Su Family Trip to the Americas & Village travel blog

This county has famous rice terraces and is populated almost all by...

The house we rented on the slope of the mountain.

It's the biggest house we had ever lived, with beautiful view of...

The view from the roof terrace on the 3rd floor.

Sunset view from the house with the county town on the left.

View of the villages and rice terrace from our roof.

Joani in her 1st grade class on her first day - the...

With "goodbyes" comes "welcome" to another new place, new adventure, and new experiences of His leadings. From one rural area we moved to another, except this time it is 1000m lower in elevation and 1000km more south, right at the border of Vietnam. This county town is nestled between rice terraces and high mountains. The area is 98% ethnic people group, mostly Hani. We will be learning the Hani language with a local tutor. Hani is the primary language of communication in this area, so this will be the first time during our 8 years of living on the field we need to do language studies.

First thing is to find a place. Fortunately, a family recently moved away and we were able to inherit their rental house (or mansion by our previous standard). It has 2 floors plus a roof terrace, 8 bedrooms and a lot of cleaning! We have never lived in such large place in our life (300+ sq meters indoor)! After living for the past half year without indoor toilet or shower, we feel like this place is 5 star. It's amazing how it took only 5 months in the village to change one's perspective of living standard. The landlord has been renting out his place for a low price because the villagers believe his place is haunted. Our entire family has been cleaning as a team, nonstop for the last 2 weeks, sweeping away the cobwebs and dust, taking turns cooking. We pray for a suitable helper for our new home.

We like the rural life style. The entire county town is up and running by 7:30am, so we now sleep very early to be able to fit in the flow of life in The county. The choir of roosters is crowing away around 5:30am! The flocks of geese honk away after it is very hard to sleep in!

Our new rented apartment is a two-minute walk from the local Chinese school! Classes start at 7:10am, so the kids are up by 6:30am, have breakfast and walk to school together. Nathan is attending 2nd grade full time, and Joani is auditing 1st grade. We give thanks for the kindness the classmates and teachers are showing to our kids. Nathan is excited to attend the after school drawing class, and Joani is excited to join the dance program with her classmates. Jonathan's office is a 10-minute walk from home. During his one and half hour lunch break, he can come home to help Olivia with her math and supervise Nathan and Joani with their Chinese school work.

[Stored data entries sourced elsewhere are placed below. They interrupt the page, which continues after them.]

(* Let $r\ge 2$ and let $GT(r)$ be the glued binary tree of depth $r$. Then $\mathrm{gp}(GT(r))=2^r$.
   Context: The complete binary tree of depth $r$ is the rooted tree in which every non-leaf vertex has exactly two children and all $2^r$ leaves are at distance $r$ from the root. The glued binary tree $GT(r)$ is obtained from two copies of the complete binary tree of depth $r$ by identifying each leaf of the first copy with the corresponding leaf of the second copy (so it has $2^r$ identified vertices, called quasi-leaves). A set of vertices of a graph is a general position set if no three of its vertices lie on a common geodesic (shortest path); $\mathrm{gp}(G)$ is the maximum cardinality of a general position set of $G$. *)

theory Defs
  imports Main
begin

definition is_walk :: "'a set \<Rightarrow> ('a \<Rightarrow> 'a \<Rightarrow> bool) \<Rightarrow> 'a list \<Rightarrow> bool" where
  "is_walk V E xs \<longleftrightarrow> xs \<noteq> [] \<and> set xs \<subseteq> V \<and>
     (\<forall>i. Suc i < length xs \<longrightarrow> E (xs ! i) (xs ! Suc i))"

definition gdist :: "'a set \<Rightarrow> ('a \<Rightarrow> 'a \<Rightarrow> bool) \<Rightarrow> 'a \<Rightarrow> 'a \<Rightarrow> nat" where
  "gdist V E x y = (LEAST n. \<exists>xs. is_walk V E xs \<and> hd xs = x \<and> last xs = y \<and> length xs = Suc n)"

definition is_geodesic :: "'a set \<Rightarrow> ('a \<Rightarrow> 'a \<Rightarrow> bool) \<Rightarrow> 'a list \<Rightarrow> bool" where
  "is_geodesic V E xs \<longleftrightarrow> is_walk V E xs \<and> length xs = Suc (gdist V E (hd xs) (last xs))"

definition gp_set :: "'a set \<Rightarrow> ('a \<Rightarrow> 'a \<Rightarrow> bool) \<Rightarrow> 'a set \<Rightarrow> bool" where
  "gp_set V E S \<longleftrightarrow> S \<subseteq> V \<and>
     \<not> (\<exists>u v w xs. u \<in> S \<and> v \<in> S \<and> w \<in> S \<and> u \<noteq> v \<and> v \<noteq> w \<and> u \<noteq> w \<and>
          is_geodesic V E xs \<and> u \<in> set xs \<and> v \<in> set xs \<and> w \<in> set xs)"

definition gp_number :: "'a set \<Rightarrow> ('a \<Rightarrow> 'a \<Rightarrow> bool) \<Rightarrow> nat" where
  "gp_number V E = Max (card ` {S. gp_set V E S})"

(* A vertex of a complete binary tree of depth r is a 0/1-word w (bool list) of length \<le> r,
   the root being [] and the children of w being w@[b].  A vertex of GT(r) is a pair (c,w):
   c selects the copy; the leaves (length w = r) are identified, represented with c = False. *)
definition gt_V :: "nat \<Rightarrow> (bool \<times> bool list) set" where
  "gt_V r = {(c, w). length w < r \<or> (length w = r \<and> c = False)}"

definition gt_child :: "nat \<Rightarrow> bool \<times> bool list \<Rightarrow> bool \<times> bool list \<Rightarrow> bool" where
  "gt_child r x y \<longleftrightarrow> x \<in> gt_V r \<and> length (snd x) < r \<and>
     (\<exists>b. snd y = snd x @ [b]) \<and>
     fst y = (if length (snd y) = r then False else fst x)"

definition gt_E :: "nat \<Rightarrow> bool \<times> bool list \<Rightarrow> bool \<times> bool list \<Rightarrow> bool" where
  "gt_E r x y \<longleftrightarrow> gt_child r x y \<or> gt_child r y x"

end

theory Submission
  imports Defs "HOL-Library.Sublist"
begin

text \<open>Forgetting the copy maps \<open>GT(r)\<close> onto the complete binary tree of depth \<open>r\<close>, and along
an edge the tree distance to a fixed word changes by exactly one; hence distances in \<open>GT(r)\<close>
dominate tree distances, and between quasi-leaves the two coincide. On words of equal length
the tree distance is an ultrametric, so a geodesic through three distinct quasi-leaves would
violate \<open>d(x,z) \<le> max (d(x,y)) (d(y,z)) < d(x,y) + d(y,z)\<close>: the \<open>2^r\<close> quasi-leaves are in general
position. Conversely, the \<open>2^(r-1)\<close> geodesics joining two quasi-leaves through a root cover all
vertices, and a general position set meets each geodesic in at most two vertices.\<close>

lemma is_walk_iff_successively:
  "is_walk V E xs \<longleftrightarrow> xs \<noteq> [] \<and> set xs \<subseteq> V \<and> successively E xs"
  unfolding is_walk_def successively_conv_nth by blast

lemma is_walk_append_tl:
  assumes "is_walk V E xs" "is_walk V E ys" "last xs = hd ys"
  shows "is_walk V E (xs @ tl ys)"
proof -
  obtain y ys' where ys: "ys = y # ys'"
    using assms(2) by (cases ys) (auto simp: is_walk_iff_successively)
  show ?thesis
    using assms by (auto simp: ys is_walk_iff_successively successively_append_iff successively_Cons)
qed

lemma hd_last_length_append_tl:
  assumes "xs \<noteq> []" "ys \<noteq> []" "last xs = hd ys"
  shows "hd (xs @ tl ys) = hd xs" "last (xs @ tl ys) = last ys"
    "length (xs @ tl ys) = length xs + length ys - 1"
  using assms by (cases ys; auto)+

lemma set_append_tl: "xs \<noteq> [] \<Longrightarrow> last xs = hd ys \<Longrightarrow> set (xs @ tl ys) = set xs \<union> set ys"
  by (cases ys) auto

lemma is_walk_rev:
  assumes "is_walk V E xs" "\<And>x y. E x y \<Longrightarrow> E y x"
  shows "is_walk V E (rev xs)"
  using assms by (auto simp: is_walk_iff_successively intro: successively_mono)

lemma is_walk_slice:
  assumes "is_walk V E xs" "i \<le> k" "k < length xs"
  defines "ys \<equiv> drop i (take (Suc k) xs)"
  shows "is_walk V E ys" "hd ys = xs ! i" "last ys = xs ! k" "length ys = Suc k - i"
proof -
  have "xs = take i (take (Suc k) xs) @ ys @ drop (Suc k) xs"
    unfolding ys_def by (metis append_take_drop_id append_assoc)
  then have "successively E (take i (take (Suc k) xs) @ ys @ drop (Suc k) xs)"
    using assms(1) by (metis is_walk_iff_successively)
  then have "successively E ys" by (simp add: successively_append_iff)
  moreover have "set ys \<subseteq> set xs"
    unfolding ys_def by (meson in_set_dropD in_set_takeD subsetI)
  ultimately show "is_walk V E ys"
    using assms by (auto simp: is_walk_iff_successively ys_def)
  show "hd ys = xs ! i" "last ys = xs ! k" "length ys = Suc k - i"
    using assms(2,3) by (auto simp: ys_def hd_drop_conv_nth last_conv_nth)
qed

lemma gdist_less_length:
  assumes "is_walk V E xs"
  shows "gdist V E (hd xs) (last xs) < length xs"
proof -
  have "length xs = Suc (length xs - 1)"
    using assms by (cases xs) (auto simp: is_walk_iff_successively)
  then have "gdist V E (hd xs) (last xs) \<le> length xs - 1"
    unfolding gdist_def using assms by (intro Least_le) blast
  then show ?thesis using \<open>length xs = Suc (length xs - 1)\<close> by linarith
qed
lemma cap_measure_increment_le:
  assumes "1 \<le> s" "s \<le> t - 1"
  defines "d \<equiv> DIM('a)"
  shows "(cap_measure t - cap_measure (t - 1)) * (s ^ d - (s - 1) ^ d)
           \<le> (t ^ d - (t - 1) ^ d) * (cap_measure s - cap_measure (s - 1))"
proof -
  have "0 < d"
    by (simp add: d_def)
  define F where "F w = cap_measure (root d w)" for w
  have mono: "F v \<le> F w" if "0 \<le> v" "v \<le> w" for v w
    unfolding F_def using that \<open>0 < d\<close> by (intro cap_measure_mono real_root_le_mono) auto
  have scale: "m * (F w - F v) \<le> F (m * w) - F (m * v)"
    if "0 \<le> v" "v \<le> w" "0 < m" "m \<le> 1" for v w m
  proof -
    have "root d m ^ d * (cap_measure (root d w) - cap_measure (root d v))
            \<le> cap_measure (root d m * root d w) - cap_measure (root d m * root d v)"
      using that \<open>0 < d\<close> unfolding d_def
      by (intro cap_measure_homothety real_root_le_mono) (auto simp: real_root_le_1_iff)
    then show ?thesis
      using that \<open>0 < d\<close> by (simp add: F_def real_root_mult)
  qed
  have "(F (t ^ d) - F ((t - 1) ^ d)) * (s ^ d - (s - 1) ^ d)
          \<le> (t ^ d - (t - 1) ^ d) * (F (s ^ d) - F ((s - 1) ^ d))"
    using assms(1,2) \<open>0 < d\<close>
    by (intro increment_slope_antimono[OF mono scale] power_mono power_strict_mono) auto
  moreover have "F (x ^ d) = cap_measure x" if "0 \<le> x" for x
    using that \<open>0 < d\<close> by (simp add: F_def real_root_power_cancel)
  ultimately show ?thesis
    using assms(1,2) by simp
qed
(* In the standing setup, let $y_0\in P$ and let $J$ be a $q$-periodic interval of $F_{y_0}$ with midpoint $c$; let $X^*=\{T_0^k(c,y_0)\}_{k=0}^{q-1}$ be the corresponding symmetric periodic orbit of $T_0$. Let $\gamma_A,\gamma_B$ each be one of the curves $y\mapsto(0,y)$, $y\mapsto(\tfrac12,y)$ (type $0$) or $y\mapsto(m_i(y),y)$ for some $i$ (type $-1$), and let $n_A,n_B\ge 0$ be integers; set $j_A=2n_A$ if $\gamma_A$ is of type $0$ and $j_A=2n_A-1$ if of type $-1$, and similarly $j_B$, and assume $|j_A-j_B|=q$. Suppose there are $y_A,y_B\in P$ with $T_0^{n_A}(\gamma_A(y_A))=T_0^{n_B}(\gamma_B(y_B))=p^*\in X^*$; that for $0\le k<n_A$ the index of the elemental subinterval containing the $x$-coordinate of $T_\varepsilon^k(\gamma_A(y))$ is locally constant in $(y,\varepsilon)$ near $(y_A,0)$, and similarly for $B$ near $(y_B,0)$; and that the tangent vectors $\frac{d}{dy}T_0^{n_A}(\gamma_A(y))|_{y=y_A}$ and $\frac{d}{dy}T_0^{n_B}(\gamma_B(y))|_{y=y_B}$ are linearly independent. Then there exist $\varepsilon_0>0$ and a neighborhood $U$ of $p^*$ such that for all $|\varepsilon|<\varepsilon_0$ the curves $y\mapsto T_\varepsilon^{n_A}(\gamma_A(y))$ and $y\mapsto T_\varepsilon^{n_B}(\gamma_B(y))$ (for $y$ near $y_A$, resp. $y_B$) intersect in $U$ in exactly one point $p_\varepsilon$; $p_\varepsilon$ depends continuously on $\varepsilon$ with $p_0=p^*$, and $p_\varepsilon$ lies on a symmetric periodic orbit of $T_\varepsilon$ of minimal period $q$.
   Context: Standing setup (perturbed symmetric FIEM): identify $[0,1)$ with $\mathbb{S}^1=\mathbb{R}/\mathbb{Z}$. Fix $d\ge 2$ and an open interval $P\subset\mathbb{R}$. For $y\in P$ let $\lambda(y)=(\lambda_1(y),\dots,\lambda_d(y))$ with $\lambda_i(y)>0$, $\sum_i\lambda_i(y)=1$, each $\lambda_i$ smooth. Put $a_i(y)=\sum_{j<i}\lambda_j(y)$, elemental subintervals $J_i(y)=[a_i(y),a_i(y)+\lambda_i(y))$, midpoints $m_i(y)=a_i(y)+\lambda_i(y)/2$, and $\omega_i(y)=\sum_{j>i}\lambda_j(y)-\sum_{j<i}\lambda_j(y)$ (so $m_i=(1-\omega_i)/2$). The symmetric $d$-IEM is $F_y(x)=x+\omega_i(y)$ for $x\in J_i(y)$. Let $R(x)=-x\bmod 1$ and let $f$ be a smooth $1$-periodic odd function. For $\varepsilon\in\mathbb{R}$, $T_\varepsilon(x,y)=(F_y(x),\,y+\varepsilon f(F_y(x)))$ on $\mathbb{S}^1\times P$ (where defined), $S_\varepsilon(x,y)=(R(x),\,y-\varepsilon f(x))$, and the symmetry lines are $\Gamma_i=\{p: T_\varepsilon^i(S_\varepsilon(p))=p\}$. A $q$-periodic interval of an IEM $F$ is a left-closed right-open interval $J$ such that $q$ is the least positive integer with $F^q(J)=J$, each $F^k(J)$ lies in a single elemental subinterval, and $J$ is maximal with these properties. A periodic orbit $\mathcal{O}$ of $T_\varepsilon$ is symmetric if $S_\varepsilon(\mathcal{O})=\mathcal{O}$. *)

theory Defs
  imports "HOL-Analysis.Analysis"
begin

text \<open>Points of the circle S^1 = R/Z are represented by their representative in [0,1).
  Elemental subintervals are indexed by i in {1..d}; lam i y is lambda_i(y).\<close>

definition smooth_on :: "real set \<Rightarrow> (real \<Rightarrow> real) \<Rightarrow> bool" where
  "smooth_on S g \<longleftrightarrow> (\<forall>k. \<forall>x\<in>S. ((deriv ^^ k) g) field_differentiable (at x))"

definition aI :: "(nat \<Rightarrow> real \<Rightarrow> real) \<Rightarrow> nat \<Rightarrow> real \<Rightarrow> real" where
  "aI lam i y = (\<Sum>j\<in>{1..<i}. lam j y)"

definition omegaI :: "(nat \<Rightarrow> real \<Rightarrow> real) \<Rightarrow> nat \<Rightarrow> nat \<Rightarrow> real \<Rightarrow> real" where
  "omegaI lam d i y = (\<Sum>j\<in>{i<..d}. lam j y) - (\<Sum>j\<in>{1..<i}. lam j y)"

definition midI :: "(nat \<Rightarrow> real \<Rightarrow> real) \<Rightarrow> nat \<Rightarrow> real \<Rightarrow> real" where
  "midI lam i y = aI lam i y + lam i y / 2"

definition elemJ :: "(nat \<Rightarrow> real \<Rightarrow> real) \<Rightarrow> nat \<Rightarrow> real \<Rightarrow> real set" where
  "elemJ lam i y = {aI lam i y ..< aI lam i y + lam i y}"

definition idx :: "(nat \<Rightarrow> real \<Rightarrow> real) \<Rightarrow> nat \<Rightarrow> real \<Rightarrow> real \<Rightarrow> nat" where
  "idx lam d y x = (THE i. i \<in> {1..d} \<and> x \<in> elemJ lam i y)"

definition iem :: "(nat \<Rightarrow> real \<Rightarrow> real) \<Rightarrow> nat \<Rightarrow> real \<Rightarrow> real \<Rightarrow> real" where
  "iem lam d y x = x + omegaI lam d (idx lam d y x) y"

definition Tmap :: "(nat \<Rightarrow> real \<Rightarrow> real) \<Rightarrow> nat \<Rightarrow> (real \<Rightarrow> real) \<Rightarrow> real
    \<Rightarrow> real \<times> real \<Rightarrow> real \<times> real" where
  "Tmap lam d f eps p = (let x' = iem lam d (snd p) (fst p) in (x', snd p + eps * f x'))"

definition Smap :: "(real \<Rightarrow> real) \<Rightarrow> real \<Rightarrow> real \<times> real \<Rightarrow> real \<times> real" where
  "Smap f eps p = (frac (- fst p), snd p - eps * f (fst p))"

definition per_int_props :: "(nat \<Rightarrow> real \<Rightarrow> real) \<Rightarrow> nat \<Rightarrow> real \<Rightarrow> nat \<Rightarrow> real set \<Rightarrow> bool" where
  "per_int_props lam d y q J \<longleftrightarrow>
     (\<exists>a b. a < b \<and> J = {a..<b}) \<and> 0 < q \<and>
     (iem lam d y ^^ q) ` J = J \<and>
     (\<forall>k. 0 < k \<and> k < q \<longrightarrow> (iem lam d y ^^ k) ` J \<noteq> J) \<and>
     (\<forall>k. \<exists>i\<in>{1..d}. (iem lam d y ^^ k) ` J \<subseteq> elemJ lam i y)"

definition periodic_interval :: "(nat \<Rightarrow> real \<Rightarrow> real) \<Rightarrow> nat \<Rightarrow> real \<Rightarrow> nat \<Rightarrow> real set \<Rightarrow> bool" where
  "periodic_interval lam d y q J \<longleftrightarrow> per_int_props lam d y q J \<and>
     (\<forall>J'. J \<subset> J' \<longrightarrow> \<not> per_int_props lam d y q J')"

datatype curve = C0 | CHalf | CMid nat

fun gam :: "(nat \<Rightarrow> real \<Rightarrow> real) \<Rightarrow> curve \<Rightarrow> real \<Rightarrow> real \<times> real" where
  "gam lam C0 y = (0, y)"
| "gam lam CHalf y = (1/2, y)"
| "gam lam (CMid i) y = (midI lam i y, y)"

fun valid_curve :: "nat \<Rightarrow> curve \<Rightarrow> bool" where
  "valid_curve d (CMid i) = (i \<in> {1..d})"
| "valid_curve d _ = True"

fun jval :: "curve \<Rightarrow> nat \<Rightarrow> int" where
  "jval (CMid i) n = 2 * int n - 1"
| "jval _ n = 2 * int n"

text \<open>Embedding of S^1 x R into C x R, giving the topology of the cylinder.\<close>
definition emb :: "real \<times> real \<Rightarrow> complex \<times> real" where
  "emb p = (cis (2 * pi * fst p), snd p)"

definition sym_per_orbit :: "(nat \<Rightarrow> real \<Rightarrow> real) \<Rightarrow> nat \<Rightarrow> (real \<Rightarrow> real) \<Rightarrow> real
    \<Rightarrow> real set \<Rightarrow> nat \<Rightarrow> real \<times> real \<Rightarrow> bool" where
  "sym_per_orbit lam d f eps P q p \<longleftrightarrow>
     fst p \<in> {0..<1} \<and> 0 < q \<and>
     (Tmap lam d f eps ^^ q) p = p \<and>
     (\<forall>k. 0 < k \<and> k < q \<longrightarrow> (Tmap lam d f eps ^^ k) p \<noteq> p) \<and>
     (\<forall>k<q. snd ((Tmap lam d f eps ^^ k) p) \<in> P) \<and>
     Smap f eps ` {(Tmap lam d f eps ^^ k) p | k. k < q} = {(Tmap lam d f eps ^^ k) p | k. k < q}"

end

theory Submission
  imports Defs
begin

(* The reflection S_eps reverses T_eps on the interior of every elemental interval (T S T = S
   there), so a point lying on two symmetry lines Gamma_jA and Gamma_jB has period |jA - jB| and
   an S-invariant orbit.  For eps = 0 the curves T_0^nA gamma_A and T_0^nB gamma_B meet at p* on
   such an orbit.  Up to p* their orbits follow the midpoint orbit of the periodic interval (a
   cycle of the injective map F_y0), hence stay in the interiors of elemental intervals; so for
   small eps and nearby parameters the curves are given by smooth branches A(s, eps) and
   B(t, eps).  Transversality and the inverse function theorem applied to
   (s, t, eps) |-> (A(s, eps) - B(t, eps), eps) give a unique intersection point p_eps depending
   continuously on eps; it lies on both symmetry lines, and its minimal period stays q by
   continuity. *)

section \<open>Reversible maps\<close>

text \<open>The symmetry line Gamma_j is T^j (S p) = p; for j = -1 this is written S p = T p, which
  does not require T to be invertible.\<close>

definition on_symmetry_line :: "('a \<Rightarrow> 'a) \<Rightarrow> ('a \<Rightarrow> 'a) \<Rightarrow> int \<Rightarrow> 'a \<Rightarrow> bool" where
  "on_symmetry_line T S j p \<longleftrightarrow> (0 \<le> j \<and> (T ^^ nat j) (S p) = p) \<or> (j = -1 \<and> S p = T p)"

In this county, Jonathan will be leading a team of about 15 staff in managing a development project covering three townships with seven administrative villages and about 40+ natural villages working with about a population of 20,000 villagers.

The project is focused on the well-being of children and their families in remote, improvished area of China.

The strategy is integrated, which means that the problem of poverty is tackled from all angles, mainly education, health, and livelihood. The approach is participatory, which means that instead of telling the villagers what is good for them, we try to listen to their perspective and have them take ownership to solve their own problems. The focused in on the children, which means that even though much of the work is on improving the family, the villages, and schools, the ultimate benefit is to improve the living environment for the children.

There are many elements to the project in the different areas: Education - building safe and well-lit classrooms and dormitories, providing sports equipments and reading books, giving financial aids, holding extracurricular activities to increase their interest in learning. Health - physical checkup for children and women, changing health behaviors, providing clean drinking water, building sanitary walk paths, bathroom & showers, improving nutrition, giving emergency medical assistance. Livelihood - improving yields of crops, training on scientific crop growing and animal husbandry, introducing new varieties of cash crops, improving access to market and information, providing small loans, training on micro-enterprises concepts.

It's a challenging task as the roads are often impassable and ultimately everything are done through people, whether it be the local government, staff, and villagers. Changing and working with people is always difficult. However, I am trusting that God will carry everything to completion in his own time. I just need to be faithful and patient.